[What is being asked] Whenever a line below includes the string "sphere", show it.

[Dataset records]

lemma set_integral_diff_quot:
  assumes \<Phi>: "\<And>x. (\<Phi> has_real_derivative F x) (at x)" and "a \<le> b"
  shows "(LBINT t:{a..b}. diff_quot F t h) = (\<Phi> (b + h) - \<Phi> b) / h - (\<Phi> (a + h) - \<Phi> a) / h"
proof -
  define G where "G t = (\<Phi> (t + h) - \<Phi> t) / h" for t
  have "(G has_real_derivative diff_quot F t h) (at t)" for t
  proof -
    have "((\<lambda>t. \<Phi> (t + h)) has_real_derivative F (t + h)) (at t)"
      using DERIV_chain2[OF \<Phi> DERIV_add[OF DERIV_ident DERIV_const]] by simp
    then have "(G has_real_derivative (F (t + h) - F t) / h) (at t)"
      unfolding G_def by (intro DERIV_cdivide DERIV_diff \<Phi>)
    then show ?thesis
      by (simp add: diff_quot_def)
  qed
  then have "(LBINT t. indicator {a..b} t *\<^sub>R diff_quot F t h) = G b - G a"
    using \<open>a \<le> b\<close> continuous_on_subset[OF continuous_diff_quot]
    by (intro integral_FTC_atLeastAtMost)
      (auto simp: has_real_derivative_iff_has_vector_derivative[symmetric] intro: has_field_derivative_at_within)
  then show ?thesis
    by (simp add: set_lebesgue_integral_def G_def)
qed

text \<open>The integrals of the difference quotients are difference quotients of an antiderivative
  of \<open>F\<close>, hence tend to \<open>F b - F a\<close>; by dominated convergence they also tend to the integral
  of the derivative.\<close>

lemma set_integral_deriv_or_0:
  assumes "a \<le> b"
  shows "(LBINT t:{a..b}. deriv_or_0 F t) = F b - F a"
proof -
  obtain \<Phi> where \<Phi>: "\<And>x. (\<Phi> has_real_derivative F x) (at x)"
    using einterval_antiderivative[of "-\<infinity>" "\<infinity>" F] isCont_F
    by (auto simp: has_real_derivative_iff_has_vector_derivative)
  define h where "h n = inverse (real (Suc n))" for n
  have "(\<lambda>n. (\<Phi> (x + h n) - \<Phi> x) / h n) \<longlonglongrightarrow> F x" for x
    using filterlim_compose[OF \<Phi>[of x, unfolded DERIV_def] inverse_Suc_tendsto_at_0]
    by (simp add: h_def)
  then have "(\<lambda>n. LBINT t:{a..b}. diff_quot F t (h n)) \<longlonglongrightarrow> F b - F a"
    unfolding set_integral_diff_quot[OF \<Phi> assms] by (intro tendsto_diff)
  moreover have "(\<lambda>n. LBINT t:{a..b}. diff_quot F t (h n)) \<longlonglongrightarrow> (LBINT t:{a..b}. deriv_or_0 F t)"
    unfolding set_lebesgue_integral_def
  proof (rule integral_dominated_convergence[where w = "\<lambda>t. L * indicator {a..b} t"])
    show "integrable lborel (\<lambda>t. L * indicat_real {a..b} t)"
      using assms by (intro integrable_mult_right integrable_real_indicator) simp_all
    show "AE t in lborel. (\<lambda>n. indicator {a..b} t *\<^sub>R diff_quot F t (h n))
        \<longlonglongrightarrow> indicator {a..b} t *\<^sub>R deriv_or_0 F t"
      using AE_differentiable
    proof eventually_elim
      case (elim t)
      then have "((\<lambda>h. diff_quot F t h) \<longlongrightarrow> deriv_or_0 F t) (at 0)"
        using has_real_derivative_deriv_or_0 by (simp add: has_real_derivative_iff_diff_quot)
      from filterlim_compose[OF this inverse_Suc_tendsto_at_0] show ?case
        unfolding h_def by (intro tendsto_scaleR tendsto_const)
    qed
    show "AE t in lborel. norm (indicator {a..b} t *\<^sub>R diff_quot F t (h n)) \<le> L * indicator {a..b} t" for n
      using diff_quot_nonneg diff_quot_le by (simp add: indicator_def)
    show "(\<lambda>t. indicator {a..b} t *\<^sub>R diff_quot F t (h n)) \<in> borel_measurable lborel" for n
      using borel_measurable_continuous_onI[OF continuous_diff_quot] by simp
  qed (use deriv_or_0_borel_measurable in simp)
  ultimately show ?thesis
    using LIMSEQ_unique by blast
qed
lemma pl_interp_node:
  assumes "strict_mono X"
  shows "pl_interp X Y (X m) = Y m"
  using pl_interp_cell[OF assms order.refl, of m] strict_monoD[OF assms, of m "m + 1"] by simp

lemma pl_interp_sum:
  "pl_interp X (\<lambda>m. \<Sum>a\<in>A. w a * Y a m) x = (\<Sum>a\<in>A. w a * pl_interp X (Y a) x)"
proof -
  define m where "m = (GREATEST m. X m \<le> x)"
  define r where "r = (x - X m) / (X (m + 1) - X m)"
  have "pl_interp X (\<lambda>m. \<Sum>a\<in>A. w a * Y a m) x
      = (\<Sum>a\<in>A. w a * Y a m) + ((\<Sum>a\<in>A. w a * Y a (m + 1)) - (\<Sum>a\<in>A. w a * Y a m)) * r"
    by (simp add: pl_interp_def Let_def m_def r_def)
  also have "\<dots> = (\<Sum>a\<in>A. w a * (Y a m + (Y a (m + 1) - Y a m) * r))"
    by (simp add: sum_distrib_left sum_distrib_right sum.distrib sum_subtractf algebra_simps)
  also have "\<dots> = (\<Sum>a\<in>A. w a * pl_interp X (Y a) x)"
    by (simp add: pl_interp_def Let_def m_def r_def)
  finally show ?thesis .
qed

lemma pl_interp_rescale:
  assumes "c > 0"
  shows "pl_interp (\<lambda>m. X m / c) Y x = pl_interp X Y (c * x)"
proof -
  have cell: "(\<lambda>m. X m / c \<le> x) = (\<lambda>m. X m \<le> c * x)"
    using assms by (auto simp: fun_eq_iff field_simps)
  define m where "m = (GREATEST m. X m \<le> c * x)"
  have "(x - X m / c) / (X (m + 1) / c - X m / c) = (c * x - X m) / (X (m + 1) - X m)"
    using assms by (simp add: divide_simps)
  then show ?thesis
    unfolding pl_interp_def Let_def cell m_def[symmetric] by (metis times_divide_eq_right)
qed

section \<open>The subdivision scheme\<close>

locale dd_scheme =
  fixes n :: nat and hl hr :: real
  assumes n_pos: "n \<ge> 1" and hl_pos: "hl > 0" and hr_pos: "hr > 0"
begin

abbreviation t :: "int \<Rightarrow> real" where "t \<equiv> dd_mesh hl hr"
abbreviation P :: "int \<Rightarrow> int \<Rightarrow> real" where "P \<equiv> dd_P n hl hr"
abbreviation V :: "(int \<Rightarrow> real) \<Rightarrow> int \<Rightarrow> real" where "V \<equiv> dd_subd n hl hr"

lemma strict_mono_mesh: "strict_mono t"
  using hl_pos hr_pos by (rule strict_mono_dd_mesh)

definition row_supp :: "int \<Rightarrow> int set" where
  "row_supp i = {i div 2 - int n + 1 .. i div 2 + int n}"

definition col_supp :: "int \<Rightarrow> int set" where
  "col_supp k = {2 * k - 2 * int n .. 2 * k + 2 * int n}"

lemma finite_row_supp [simp]: "finite (row_supp i)"
  and finite_col_supp [simp]: "finite (col_supp k)"
  by (simp_all add: row_supp_def col_supp_def)

lemma dd_P_odd_row:
  assumes "odd i"
  shows "(\<forall>j. j \<notin> row_supp i \<longrightarrow> P i j = 0)
    \<and> (\<forall>\<alpha> < 2 * n. (\<Sum>j\<in>row_supp i. P i j * t j ^ \<alpha>) = (t i / 2) ^ \<alpha>)"
    (is "?moments (P i)")
proof -
  have card: "card (row_supp i) = 2 * n" by (simp add: row_supp_def)
  have ex1: "\<exists>!c. ?moments c"
    using ex1_moment_weights[where N = "row_supp i" and t = t and y = "t i / 2",
        OF finite_row_supp strict_mono_imp_inj_on[OF strict_mono_mesh]]
    unfolding card .
  have "P i = (THE c. ?moments c)"
    by (rule ext) (simp only: dd_P_def Let_def row_supp_def if_not_P[OF assms])
  then show ?thesis using theI'[OF ex1] by (simp only:)
qed

lemma dd_P_eq_0: "j \<notin> row_supp i \<Longrightarrow> P i j = 0"
  using dd_P_odd_row n_pos by (cases "even i") (auto simp: dd_P_def row_supp_def)

lemma dd_P_eq_0_col: "i \<notin> col_supp k \<Longrightarrow> P i k = 0"
  by (rule dd_P_eq_0) (auto simp: row_supp_def col_supp_def)

lemma dd_P_row_sum: "(\<Sum>j\<in>row_supp i. P i j) = 1"
proof (cases "even i")
  case True
  then have "(\<Sum>j\<in>row_supp i. P i j) = (\<Sum>j\<in>row_supp i. if j = i div 2 then 1 else 0)"
    by (intro sum.cong) (auto simp: dd_P_def)
  then show ?thesis using n_pos by (simp add: row_supp_def)
next
  case False
  then have "\<forall>\<alpha> < 2 * n. (\<Sum>j\<in>row_supp i. P i j * t j ^ \<alpha>) = (t i / 2) ^ \<alpha>"
    using dd_P_odd_row by blast
  from this[rule_format, of 0] n_pos show ?thesis by simp
qed
(* Let $m_1,m_2\ge1$, let $k_1,k_2\ge0$ be integers and $r_1,r_2>0$ with $r_1^2+r_2^2=1$. Let $F_1:\mathbb{R}^{m_1+1}\to\mathbb{R}^{n_1+1}$ and $F_2:\mathbb{R}^{m_2+1}\to\mathbb{R}^{n_2+1}$ be harmonic forms of degrees $k_1$, $k_2$ (each component a harmonic homogeneous polynomial of that degree) with $|F_1(\bar x)|^2=r_1^2|\bar x|^{2k_1}$ on $\mathbb{R}^{m_1+1}$ and $|F_2(\bar y)|^2=r_2^2|\bar y|^{2k_2}$ on $\mathbb{R}^{m_2+1}$, restricting to $\varphi_1:\mathbb{S}^{m_1}\to\mathbb{S}^{n_1}(r_1)$ and $\varphi_2:\mathbb{S}^{m_2}\to\mathbb{S}^{n_2}(r_2)$. Let $\varphi=\iota\circ(\varphi_1,\varphi_2):\mathbb{S}^{m_1}\times\mathbb{S}^{m_2}\to\mathbb{S}^{n_1+n_2+1}$, $\varphi(x,y)=(\varphi_1(x),\varphi_2(y))$, where $\mathbb{S}^{m_1}\times\mathbb{S}^{m_2}$ carries the product metric and $\iota$ is the canonical inclusion of $\mathbb{S}^{n_1}(r_1)\times\mathbb{S}^{n_2}(r_2)$ into $\mathbb{S}^{n_1+n_2+1}$. Then $\varphi$ is proper biharmonic if and only if $r_1=r_2=1/\sqrt2$ and $e(\varphi_1)\neq e(\varphi_2)$.
   Context: $\mathbb{S}^m$ is the unit sphere in $\mathbb{R}^{m+1}$, $\mathbb{S}^n(r)$ the sphere of radius $r$ centred at $0$. Energy density $e(\psi)=\frac12|d\psi|^2$ (here constant). Proper biharmonic means vanishing bitension field $\tau_2(\varphi)=-\Delta\tau(\varphi)-\operatorname{trace}R^N(d\varphi\cdot,\tau(\varphi))d\varphi\cdot$ (with $\Delta=-\operatorname{trace}\nabla^2$) but nonvanishing tension field $\tau(\varphi)=\operatorname{trace}\nabla d\varphi$. *)

theory Defs
  imports "HOL-Analysis.Analysis"
begin

section \<open>Harmonic forms on R^(m+1) (index type 'm with CARD('m) = m+1)\<close>

definition hom_poly :: "nat \<Rightarrow> (real^'m \<Rightarrow> real) \<Rightarrow> bool" where
  "hom_poly k f \<longleftrightarrow> (\<exists>c :: ('m \<Rightarrow> nat) \<Rightarrow> real.
     \<forall>x. f x = (\<Sum>\<alpha>\<in>{\<alpha>. sum \<alpha> UNIV = k}. c \<alpha> * (\<Prod>i\<in>UNIV. (x $ i) ^ (\<alpha> i))))"

definition eucl_laplacian :: "(real^'m \<Rightarrow> real) \<Rightarrow> real^'m \<Rightarrow> real" where
  "eucl_laplacian f x = (\<Sum>i\<in>UNIV. deriv (deriv (\<lambda>t. f (x + t *\<^sub>R axis i 1))) 0)"

definition harmonic_form :: "nat \<Rightarrow> (real^'m \<Rightarrow> real^'n) \<Rightarrow> bool" where
  "harmonic_form k F \<longleftrightarrow> (\<forall>j. hom_poly k (\<lambda>x. F x $ j) \<and>
                                (\<forall>x. eucl_laplacian (\<lambda>x. F x $ j) x = 0))"

text \<open>Geodesic of the unit sphere through x with initial velocity u (u tangent).\<close>
definition sgeo :: "'a::real_normed_vector \<Rightarrow> 'a \<Rightarrow> real \<Rightarrow> 'a" where
  "sgeo x u t = cos (t * norm u) *\<^sub>R x + (sin (t * norm u) / norm u) *\<^sub>R u"

definition sproj :: "'a::real_inner \<Rightarrow> 'a \<Rightarrow> 'a" where
  "sproj x u = u - (u \<bullet> x) *\<^sub>R x"

text \<open>Product metric on S^m1 x S^m2: geodesics and tangent projection.\<close>
definition pgeo :: "('a::real_normed_vector \<times> 'b::real_normed_vector) \<Rightarrow> ('a \<times> 'b) \<Rightarrow> real \<Rightarrow> 'a \<times> 'b" where
  "pgeo p w t = (sgeo (fst p) (fst w) t, sgeo (snd p) (snd w) t)"

definition pproj :: "('a::real_inner \<times> 'b::real_inner) \<Rightarrow> ('a \<times> 'b) \<Rightarrow> 'a \<times> 'b" where
  "pproj p w = (sproj (fst p) (fst w), sproj (snd p) (snd w))"

definition dmap :: "('a \<Rightarrow> 'a \<Rightarrow> real \<Rightarrow> 'a) \<Rightarrow> ('a \<Rightarrow> 'c::real_normed_vector) \<Rightarrow> 'a \<Rightarrow> 'a \<Rightarrow> 'c" where
  "dmap geo f p w = vector_derivative (\<lambda>t. f (geo p w t)) (at 0)"

text \<open>(\<nabla> d f)(w,w) = second derivative along the geodesic with velocity w.\<close>
definition ddmap :: "('a \<Rightarrow> 'a \<Rightarrow> real \<Rightarrow> 'a) \<Rightarrow> ('a \<Rightarrow> 'c::real_normed_vector) \<Rightarrow> 'a \<Rightarrow> 'a \<Rightarrow> 'c" where
  "ddmap geo f p w =
     vector_derivative (\<lambda>t. vector_derivative (\<lambda>s. f (geo p w s)) (at t)) (at 0)"

text \<open>Energy density e(f) = |df|^2/2; the trace over T_pM is computed as the sum over the
  ambient orthonormal basis of the tangential projections (= trace over an orthonormal
  basis of T_pM).\<close>
definition energy_density ::
  "('a::euclidean_space \<Rightarrow> 'a \<Rightarrow> real \<Rightarrow> 'a) \<Rightarrow> ('a \<Rightarrow> 'a \<Rightarrow> 'a) \<Rightarrow> ('a \<Rightarrow> 'c::real_normed_vector) \<Rightarrow> 'a \<Rightarrow> real" where
  "energy_density geo proj f p = (\<Sum>b\<in>Basis. (norm (dmap geo f p (proj p b)))\<^sup>2) / 2"

definition ttan :: "'c::real_inner \<Rightarrow> 'c \<Rightarrow> 'c" where
  "ttan q v = v - (v \<bullet> q) *\<^sub>R q"

definition tension ::
  "('a::euclidean_space \<Rightarrow> 'a \<Rightarrow> real \<Rightarrow> 'a) \<Rightarrow> ('a \<Rightarrow> 'a \<Rightarrow> 'a) \<Rightarrow> ('a \<Rightarrow> 'c::real_inner) \<Rightarrow> 'a \<Rightarrow> 'c" where
  "tension geo proj f p = ttan (f p) (\<Sum>b\<in>Basis. ddmap geo f p (proj p b))"
lemma dist_Vdegen_ge_restrict_to_kernel:
  assumes surj: "surj_mat m h L"
    and ob: "orthonormal_kernel_basis m h L v"
    and far: "dist_Vstar_ge m d h Xi L c"
  shows "dist_Vdegen_ge (h - m) d (matmul h Xi (Phi_mat v)) (c / real h)"
  unfolding dist_Vdegen_ge_def
proof (intro allI impI notI)
  define n where "n = h - m"
  define Psi where "Psi = matmul h Xi (Phi_mat v)"
  fix Q assume Q: "mnorm d (h - m) Q < c / real h"
    and degen: "V_degen (h - m) d (\<lambda>i k. matmul h Xi (Phi_mat v) i k + Q i k)"
  have on: "\<forall>r<n. \<forall>s<n. (\<Sum>k<h. v r k * v s k) = (if r = s then 1 else 0)"
    using ob unfolding orthonormal_kernel_basis_def n_def by blast
  obtain i j a where i: "i < d" and j: "j < d" and "i \<noteq> j"
    and proportional: "\<forall>k<n. Psi i k + Q i k = a * (Psi j k + Q j k)"
    using V_degen_imp_proportional_rows[OF degen] unfolding n_def Psi_def by blast
  define Q' where "Q' = matmul n Q v"
  have "0 < real h"
    using Q mnorm_nonneg[of d n Q] by (cases "h = 0") (auto simp: n_def)
  have "mnorm d h Q' \<le> real n * mnorm d n Q"
    unfolding Q'_def by (rule mnorm_matmul_le) (use abs_le_1_if_orthonormal[OF on] in blast)
  also have "\<dots> \<le> real h * mnorm d n Q"
    by (intro mult_right_mono) (auto simp: n_def mnorm_nonneg)
  also have "\<dots> < real h * (c / real h)"
    using Q \<open>0 < real h\<close> by (intro mult_strict_left_mono) (simp_all add: n_def)
  finally have Q'_small: "mnorm d h Q' < c"
    using \<open>0 < real h\<close> by simp
  define w where "w t = (Xi i t + Q' i t) - a * (Xi j t + Q' j t)" for t
  have lift: "(\<Sum>t<h. (Xi l t + Q' l t) * v r t) = Psi l r + Q l r" if r: "r < n" for l r
  proof -
    have "(\<Sum>t<h. Q' l t * v r t) = Q l r"
      using matmul_orthonormal_Phi[OF on r, of Q l] by (simp add: Q'_def matmul_def Phi_mat_def)
    then show ?thesis
      by (simp add: Psi_def matmul_def Phi_mat_def distrib_right sum.distrib)
  qed
  have orth: "(\<Sum>t<h. w t * v r t) = 0" if r: "r < h - m" for r
  proof -
    have "(\<Sum>t<h. w t * v r t)
        = (\<Sum>t<h. (Xi i t + Q' i t) * v r t) - a * (\<Sum>t<h. (Xi j t + Q' j t) * v r t)"
      unfolding w_def by (simp add: left_diff_distrib sum_subtractf sum_distrib_left mult.assoc)
    then show ?thesis using lift[of r i] lift[of r j] proportional r by (simp add: n_def)
  qed
  obtain \<phi> where \<phi>: "\<forall>k<h. w k = (\<Sum>l<m. \<phi> l * L l k)"
    using functional_vanishing_on_kernel_factors[OF surj
        vanishing_on_kernel_if_orthogonal_to_basis[OF ob orth]] by blast
  have "\<exists>t<d. (if t = i then 1 else 0) - a * (if t = j then 1 else 0) \<noteq> (0::real)"
    using i \<open>i \<noteq> j\<close> by (intro exI[of _ i]) simp
  moreover have "\<exists>\<phi>. \<forall>k<h. Xi i k + Q' i k - a * (Xi j k + Q' j k) = (\<Sum>l<m. \<phi> l * L l k)"
    using \<phi> unfolding w_def by blast
  ultimately have "Vstar_degen2 m d h (\<lambda>i k. Xi i k + Q' i k) L"
    unfolding Vstar_degen2_def using i j by blast
  with far Q'_small show False unfolding dist_Vstar_ge_def by blast
qed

[Response]
   Context: $\mathbb{S}^m$ is the unit sphere in $\mathbb{R}^{m+1}$, $\mathbb{S}^n(r)$ the sphere of radius $r$ centred at $0$. Energy density $e(\psi)=\frac12|d\psi|^2$ (here constant). Proper biharmonic means vanishing bitension field $\tau_2(\varphi)=-\Delta\tau(\varphi)-\operatorname{trace}R^N(d\varphi\cdot,\tau(\varphi))d\varphi\cdot$ (with $\Delta=-\operatorname{trace}\nabla^2$) but nonvanishing tension field $\tau(\varphi)=\operatorname{trace}\nabla d\varphi$. *)
text \<open>Geodesic of the unit sphere through x with initial velocity u (u tangent).\<close>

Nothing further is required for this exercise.